Basel norms
Basel norms refer to a set of banking regulations developed by the Basel Committee on Banking Supervision (BCBS). The aim of these regulations is to promote stability and integrity in the global financial system by establishing minimum capital requirements for banks and other financial institutions.
Basel III is the latest set of regulations that have been developed by the BCBS. It has three main components:
- Minimum capital requirements
- Supervisory review process
- Market discipline.
The first component of Basel III, minimum capital requirements, has three tiers. Tier 1 capital includes common equity, retained earnings, and other qualifying instruments that can absorb losses without the bank becoming insolvent. Tier 2 capital includes instruments such as subordinated debt that can absorb losses in the event of a bank's failure. Finally, Tier 3 capital includes short-term subordinated debt that can be used to meet liquidity needs.

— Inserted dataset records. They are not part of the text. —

(* Let $A$ be a locally-complex Cayley--Dickson algebra and let $f(x)=x^n+a_{n-1}x^{n-1}+\dots+a_1x+a_0\in A[x]$ be monic with $n\ge 1$. Then every $r\in\mathrm{sn}(f)$ satisfies $|r|<R_1(f)=\sqrt{1+|a_{n-1}|^2+\dots+|a_1|^2+|a_0|^2}$, $|r|<R_2(f)=1+\max_{0\le k\le n-1}|a_k|$, and $|r|\le R_3(f)=\max\{1,\ |a_{n-1}|+\dots+|a_1|+|a_0|\}$.
   Context: Real Cayley--Dickson algebras: $A_0=\mathbb{R}$ with identity involution, $A_{k+1}=A_k\{\gamma_k\}=A_k\times A_k$ with product $(a,b)(c,d)=(ac+\gamma_k\bar d b,\ da+b\bar c)$ and involution $\overline{(a,b)}=(\bar a,-b)$. A real unital algebra is locally-complex if every non-real element generates a subalgebra isomorphic to $\mathbb{C}$ (for Cayley--Dickson algebras: all $\gamma_k=-1$ up to isomorphism). Trace $\mathrm{tr}(\lambda)=\lambda+\bar\lambda$, norm $\mathrm{n}(\lambda)=\bar\lambda\lambda$, $|\lambda|=\sqrt{\mathrm{n}(\lambda)}$ (the Euclidean norm); $\langle\cdot,\cdot\rangle$ the associated inner product. For $I$ with trace $0$ and norm $1$, $\mathbb{C}_I=\mathbb{R}+\mathbb{R}I\cong\mathbb{C}$ and $\pi_I$ the orthogonal projection onto it. $A[x]=A\otimes_{\mathbb{R}}\mathbb{R}[x]$ with central $x$; for $f(x)=\sum_k a_kx^k$, $f_I(x)=\sum_k\pi_I(a_k)x^k$. If $f_I$ is non-constant, $K_{\mathbb{C}_I}(f_I)$ is the convex hull in $\mathbb{C}_I$ of the roots of $f_I$ in $\mathbb{C}_I$; otherwise $K_{\mathbb{C}_I}(f_I)=\mathbb{C}_I$. The Gauss--Lucas snail is $\mathrm{sn}(f)=\bigcup_I K_{\mathbb{C}_I}(f_I)$ over all $I$ with $\mathrm{tr}(I)=0$, $\mathrm{n}(I)=1$. *)

theory Defs
  imports "HOL-Analysis.Analysis" "HOL-Library.Function_Algebras"
begin

instantiation "fun" :: (type, real_vector) real_vector
begin
definition scaleR_fun :: "real \<Rightarrow> ('a \<Rightarrow> 'b) \<Rightarrow> 'a \<Rightarrow> 'b"
  where "scaleR_fun r f = (\<lambda>x. r *\<^sub>R f x)"
instance
  by standard (simp_all add: scaleR_fun_def fun_eq_iff scaleR_add_right scaleR_add_left)
end
lemma weighted_ratio_sq_sum_eq_1_ex1:
  fixes d w :: "'a \<Rightarrow> real"
  assumes "finite B" "B \<noteq> {}" "\<And>j. j \<in> B \<Longrightarrow> w j > 0" "\<And>j. j \<in> B \<Longrightarrow> d j > 0"
  shows "\<exists>!y. y > 0 \<and> (\<forall>j\<in>B. y < d j) \<and> (\<Sum>j\<in>B. w j * (y / (d j - y))\<^sup>2) = 1"
proof (rule ex_ex1I)
  show "\<exists>y. y > 0 \<and> (\<forall>j\<in>B. y < d j) \<and> (\<Sum>j\<in>B. w j * (y / (d j - y))\<^sup>2) = 1"
    using weighted_ratio_sq_sum_eq_1_exists[of B w d] assms by blast
next
  fix y1 y2
  assume y1: "y1 > 0 \<and> (\<forall>j\<in>B. y1 < d j) \<and> (\<Sum>j\<in>B. w j * (y1 / (d j - y1))\<^sup>2) = 1"
    and y2: "y2 > 0 \<and> (\<forall>j\<in>B. y2 < d j) \<and> (\<Sum>j\<in>B. w j * (y2 / (d j - y2))\<^sup>2) = 1"
  show "y1 = y2"
  proof (cases y1 y2 rule: linorder_cases)
    case less
    then show ?thesis
      using weighted_ratio_sq_sum_strict_mono[where B = B and w = w and d = d and x = y1 and y = y2] assms y1 y2
      by auto
  next
    case greater
    then show ?thesis
      using weighted_ratio_sq_sum_strict_mono[where B = B and w = w and d = d and x = y2 and y = y1] assms y1 y2
      by auto
  qed
qed

lemma gap_ratio_eq_iff:
  fixes s \<sigma> t r d y :: real
  assumes "s > 0" "\<sigma> > 0" "t > 0" "r > 0" "y > 0"
  shows "d / (s\<^sup>2 / t + \<sigma>\<^sup>2 / r) = t * y / s\<^sup>2 \<longleftrightarrow> y < d \<and> r = t * (\<sigma> / s)\<^sup>2 * (y / (d - y))"
proof -
  have D: "s\<^sup>2 / t + \<sigma>\<^sup>2 / r > 0" using assms by (intro add_pos_pos divide_pos_pos) auto
  have "d / (s\<^sup>2 / t + \<sigma>\<^sup>2 / r) = t * y / s\<^sup>2 \<longleftrightarrow> d = t * y / s\<^sup>2 * (s\<^sup>2 / t + \<sigma>\<^sup>2 / r)"
    using D by (simp add: divide_eq_eq)
  also have "t * y / s\<^sup>2 * (s\<^sup>2 / t + \<sigma>\<^sup>2 / r) = y + t * y * \<sigma>\<^sup>2 / (s\<^sup>2 * r)"
    using assms by (simp add: field_simps)
  finally have "d / (s\<^sup>2 / t + \<sigma>\<^sup>2 / r) = t * y / s\<^sup>2 \<longleftrightarrow> d - y = t * y * \<sigma>\<^sup>2 / (s\<^sup>2 * r)"
    by linarith
  also have "\<dots> \<longleftrightarrow> y < d \<and> r = t * (\<sigma> / s)\<^sup>2 * (y / (d - y))"
  proof
    assume gap: "d - y = t * y * \<sigma>\<^sup>2 / (s\<^sup>2 * r)"
    moreover have "t * y * \<sigma>\<^sup>2 / (s\<^sup>2 * r) > 0" using assms by simp
    ultimately have "y < d" by linarith
    with gap show "y < d \<and> r = t * (\<sigma> / s)\<^sup>2 * (y / (d - y))"
      using assms by (simp add: field_simps power2_eq_square)
  next
    assume "y < d \<and> r = t * (\<sigma> / s)\<^sup>2 * (y / (d - y))"
    then show "d - y = t * y * \<sigma>\<^sup>2 / (s\<^sup>2 * r)"
      using assms by (simp add: field_simps power2_eq_square)
  qed
  finally show ?thesis .
qed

The Common Equity Tier 1 (CET1) ratio is a measure of a bank's core equity capital relative to its risk-weighted assets. It is considered the most important measure of a bank's financial strength and ability to absorb losses. Under Basel III, banks are required to maintain a minimum CET1 ratio of 4.5%. However, many banks maintain higher CET1 ratios to demonstrate their financial strength and stability to investors and regulators.